Митька, казалось, своё возвращение в табор принял как должное. Целыми днями он спал в шатре или сидел возле углей, привалившись спиной к шошке[78] и глядя в серое небо, по которому, горестно вскрикивая, летели на юг запоздалые вереницы гусей. Его смуглое, некрасивое лицо было спокойным, никаких мыслей нельзя было прочитать на нём. И тем не менее Митька явно о чём-то думал – так глубоко, что не замечал, как на голову ему опускается коричневый сухой лист, прилетевший из леса, а по колену деловито взбирается жужелица. Цыгане искренне жалели его: «Оно конечно… тяжко. Без ноги и простому человеку жить неудобно, а уж коли вором был! Поди теперь, свыкнись, ежели с малолетства по степям гулял да по тюрьмам ошивался! Ну, да что теперь… Слава богу, жив, да ещё при такой бабе золотой! Юлька не только его – дивизию прокормит и не устанет! Ничего, притерпится. Обратно цыганом будет».

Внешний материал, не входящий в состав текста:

lemma trunc_potential_le_potential:
  assumes "0 < n" and "0 \<le> p"
  shows "trunc_potential n p i s \<le> potential n p i s"
proof -
  obtain m D where s: "s = (m, D)" by fastforce
  have "(count_ge n m i)\<^sup>2 \<le> (max (count_ge n m i) (real n powr (-0.45) * real n))\<^sup>2"
    using count_ge_nonneg by (intro power_mono) auto
  then have "9/10 * p * (count_ge n m i)\<^sup>2 / real n
      \<le> 9/10 * p * (max (count_ge n m i) (real n powr (-0.45) * real n))\<^sup>2 / real n"
    using assms by (intro divide_right_mono mult_left_mono) auto
  then have "1/10 * (count_nondrip n m D i
                 - 9/10 * p * (max (count_ge n m i) (real n powr (-0.45) * real n))\<^sup>2 / real n)
      \<le> 1/10 * (count_nondrip n m D i - 9/10 * p * (count_ge n m i)\<^sup>2 / real n)"
    by (rule mult_left_mono[OF diff_left_mono]) simp_all
  then have "exp (1/10 * (count_nondrip n m D i
                 - 9/10 * p * (max (count_ge n m i) (real n powr (-0.45) * real n))\<^sup>2 / real n))
      \<le> exp (1/10 * (count_nondrip n m D i - 9/10 * p * (count_ge n m i)\<^sup>2 / real n))"
    by (simp only: exp_le_cancel_iff)
  then show ?thesis by (simp add: s trunc_potential_def potential_def del: exp_le_cancel_iff)
qed

lemma trunc_potential_eq_potential:
  assumes "0 < n" and "real n powr (-0.45) \<le> c_ge n m i" and "c_ge n m i \<le> 1/10"
  shows "trunc_potential n p i (m, D) = potential n p i (m, D)"
proof -
  have "real n powr (-0.45) * real n \<le> count_ge n m i"
    using assms by (simp add: c_ge_eq_count_ge field_simps)
  then show ?thesis using assms(3) by (simp add: trunc_potential_def potential_def max_def)
qed

text \<open>A unit increment of \<open>X\<close> costs at most the factor \<open>1 + (exp l - 1) w\<close>, one of \<open>Y\<close> gains
  at least the factor \<open>exp (- 2 l a Y / n)\<close>, and \<open>(1 + \<alpha> d) (1 - \<beta> e) \<le> 1 + \<alpha> d - \<beta> e\<close>.\<close>
lemma exp_increment_le:
  fixes X Y a l n w :: real
  assumes "0 \<le> Y" "0 < n" "0 \<le> a" "0 \<le> l" and "of_bool d \<le> w"
  shows "exp (l * (X + of_bool d - a * (Y + of_bool e)\<^sup>2 / n))
           \<le> exp (l * (X - a * Y\<^sup>2 / n))
             * (1 + (exp l - 1) * w - (1 - exp (- (l * (2 * a * Y / n)))) * of_bool e)"
proof -
  define q where "q = exp (- (l * (2 * a * Y / n)))"
  define gx where "gx = exp (l * of_bool d)"
  define gy where "gy = exp (- (l * a * (2 * Y + 1) / n) * of_bool e)"
  have q: "q \<le> 1" using assms(1-4) by (simp add: q_def zero_le_mult_iff)
  have split: "exp (l * (X + of_bool d - a * (Y + of_bool e)\<^sup>2 / n))
      = exp (l * (X - a * Y\<^sup>2 / n)) * (gx * gy)"
    unfolding gx_def gy_def using assms(2)
    by (cases e) (simp_all add: exp_add[symmetric] field_simps power2_eq_square)
  have gx: "gx \<le> 1 + (exp l - 1) * of_bool d" by (cases d) (simp_all add: gx_def)
  have "l * (2 * a * Y / n) \<le> l * a * (2 * Y + 1) / n"
    using assms(2-4) by (simp add: field_simps)
  then have gy: "gy \<le> 1 - (1 - q) * of_bool e" by (cases e) (simp_all add: gy_def q_def)
  have "gx * gy \<le> (1 + (exp l - 1) * of_bool d) * (1 - (1 - q) * of_bool e)"
    using gx gy by (intro mult_mono) (auto simp: gx_def gy_def q_def)
  also have "\<dots> = 1 + (exp l - 1) * of_bool d - (1 - q) * of_bool e
                     - (exp l - 1) * of_bool d * ((1 - q) * of_bool e)"
    by (simp add: algebra_simps)
  also have "\<dots> \<le> 1 + (exp l - 1) * w - (1 - q) * of_bool e"
  proof -
    have "0 \<le> exp l - 1" using assms(4) by simp
    moreover from this have "0 \<le> (exp l - 1) * of_bool d * ((1 - q) * of_bool e)"
      using q by simp
    ultimately show ?thesis using mult_left_mono[OF assms(5)] by fastforce
  qed
  finally show ?thesis unfolding split q_def by (simp add: mult_left_mono)
qed

definition potential_decay :: "nat \<Rightarrow> real \<Rightarrow> nat \<Rightarrow> (nat \<Rightarrow> nat) \<Rightarrow> real" where
  "potential_decay n p i m = 1 - exp (- (1/10 * (2 * (9/10 * p) * count_ge n m i / real n)))"

lemma potential_decay_bounds:
  assumes "0 < n" "0 \<le> p"
  shows "0 \<le> potential_decay n p i m" "potential_decay n p i m \<le> 1"
  using assms count_ge_nonneg[of n m i] by (auto simp: potential_decay_def)

lemma potential_update_le:
  assumes "count_nondrip n m' D' i = count_nondrip n m D i + of_bool d"
    and "count_ge n m' i = count_ge n m i + of_bool e"
    and "of_bool d \<le> w" and "0 < n" "0 \<le> p"
  shows "potential n p i (m', D')
           \<le> potential n p i (m, D)
             * (1 + (exp (1/10) - 1) * w - potential_decay n p i m * of_bool e)"
  unfolding potential_def potential_decay_def prod.case assms(1,2)
  using exp_increment_le[OF count_ge_nonneg _ _ _ assms(3), where a = "9/10 * p" and l = "1/10"]
    assms(4,5)
  by (simp add: mult.assoc)

lemma trunc_potential_drip_le:
  assumes "v < n" "0 < n" "0 \<le> p" and "real n powr (-0.45) \<le> c_ge n m i"
  shows "trunc_potential n p i
           (m(v := Suc (m v)), if m v = i \<and> c_ge n m i < real n powr (-0.45) then D(v := True) else D)
         \<le> potential n p i (m, D) * (1 + (exp (1/10) - 1) * of_bool (m v = i))"
proof -
  let ?b = "c_ge n m i < real n powr (-0.45)"
  have "trunc_potential n p i (m(v := Suc (m v)), if m v = i \<and> ?b then D(v := True) else D)
      \<le> potential n p i (m(v := Suc (m v)), if m v = i \<and> ?b then D(v := True) else D)"
    using assms(2,3) by (rule trunc_potential_le_potential)
  also have "\<dots> \<le> potential n p i (m, D) * (1 + (exp (1/10) - 1) * of_bool (m v = i)
                   - potential_decay n p i m * of_bool (Suc (m v) = i))"
    by (rule potential_update_le[OF count_nondrip_drip[OF assms(1)] count_ge_drip[OF assms(1)]])
      (use assms(2,3) in auto)
  also have "\<dots> \<le> potential n p i (m, D) * (1 + (exp (1/10) - 1) * of_bool (m v = i))"
    using potential_decay_bounds[OF assms(2,3)] less_imp_le[OF potential_pos]
    by (intro mult_left_mono) auto
  finally show ?thesis .
qed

По вечерам цыгане звали Митьку к большому костру: «Идём, морэ, посидишь с нами! Хватит уж дрыхнуть, все бока, поди, пролежал! Послушай, как твоя жена поёт!» Чаще всего Мардо отказывался, сдержанно, без привычной издёвки в голосе. Но однажды всё же согласился и просидел с цыганами час, не сводя глаз с летящих искр, не замечая сменяющих друг дружку плясуний, не слыша песен. Цыгане сочувственно, молча переглядывались. И никто не обратил внимания на то, что Меришка, едва увидев у костра Мардо, потихоньку ушла в свою палатку, а через несколько минут пропал и её муж. Только дед Илья сумрачно переглянулся с женой и чуть слышно вздохнул да на мгновение наполнились слезами глаза Копчёнки. А Мардо по-прежнему смотрел в огонь, и на его чёрной физиономии не отражалось ничего.

До Смоленска оставался день пути, когда цыгане остановились на ночь на пологом берегу медленно текущей реки, за которой стоял уже облетевший, насквозь прозрачный, лишь по опушкам рыжий от дикого шиповника лес. День был холодным. Пронзительный ветер вырывал из рук цыган ветхую ткань шатров, которые они в последний раз в этом году растягивали над жердями, яростно трепал платки цыганок. Но к вечеру ветер поутих, и закат над лесом раскинулся во всё небо. Веер багряного золота, с чернью тяжёлых туч над горизонтом, с пылающими краями облаков, похожих на изорванные шали, заставлял цыган восторженно задирать головы и вздыхать. Как никогда ярко горели в ночи костры, смеялись дети, плясали цыганки – все уже предвкушали завтрашнюю шумную и радостную встречу со смоленской роднёй, суетливое устройство на зиму, беготню с узлами и самоварами, общие вечерние посиделки возле горячей печи. Разошлись по шатрам глубоко за полночь, позёвывая и надеясь завтра не проспать дорогу.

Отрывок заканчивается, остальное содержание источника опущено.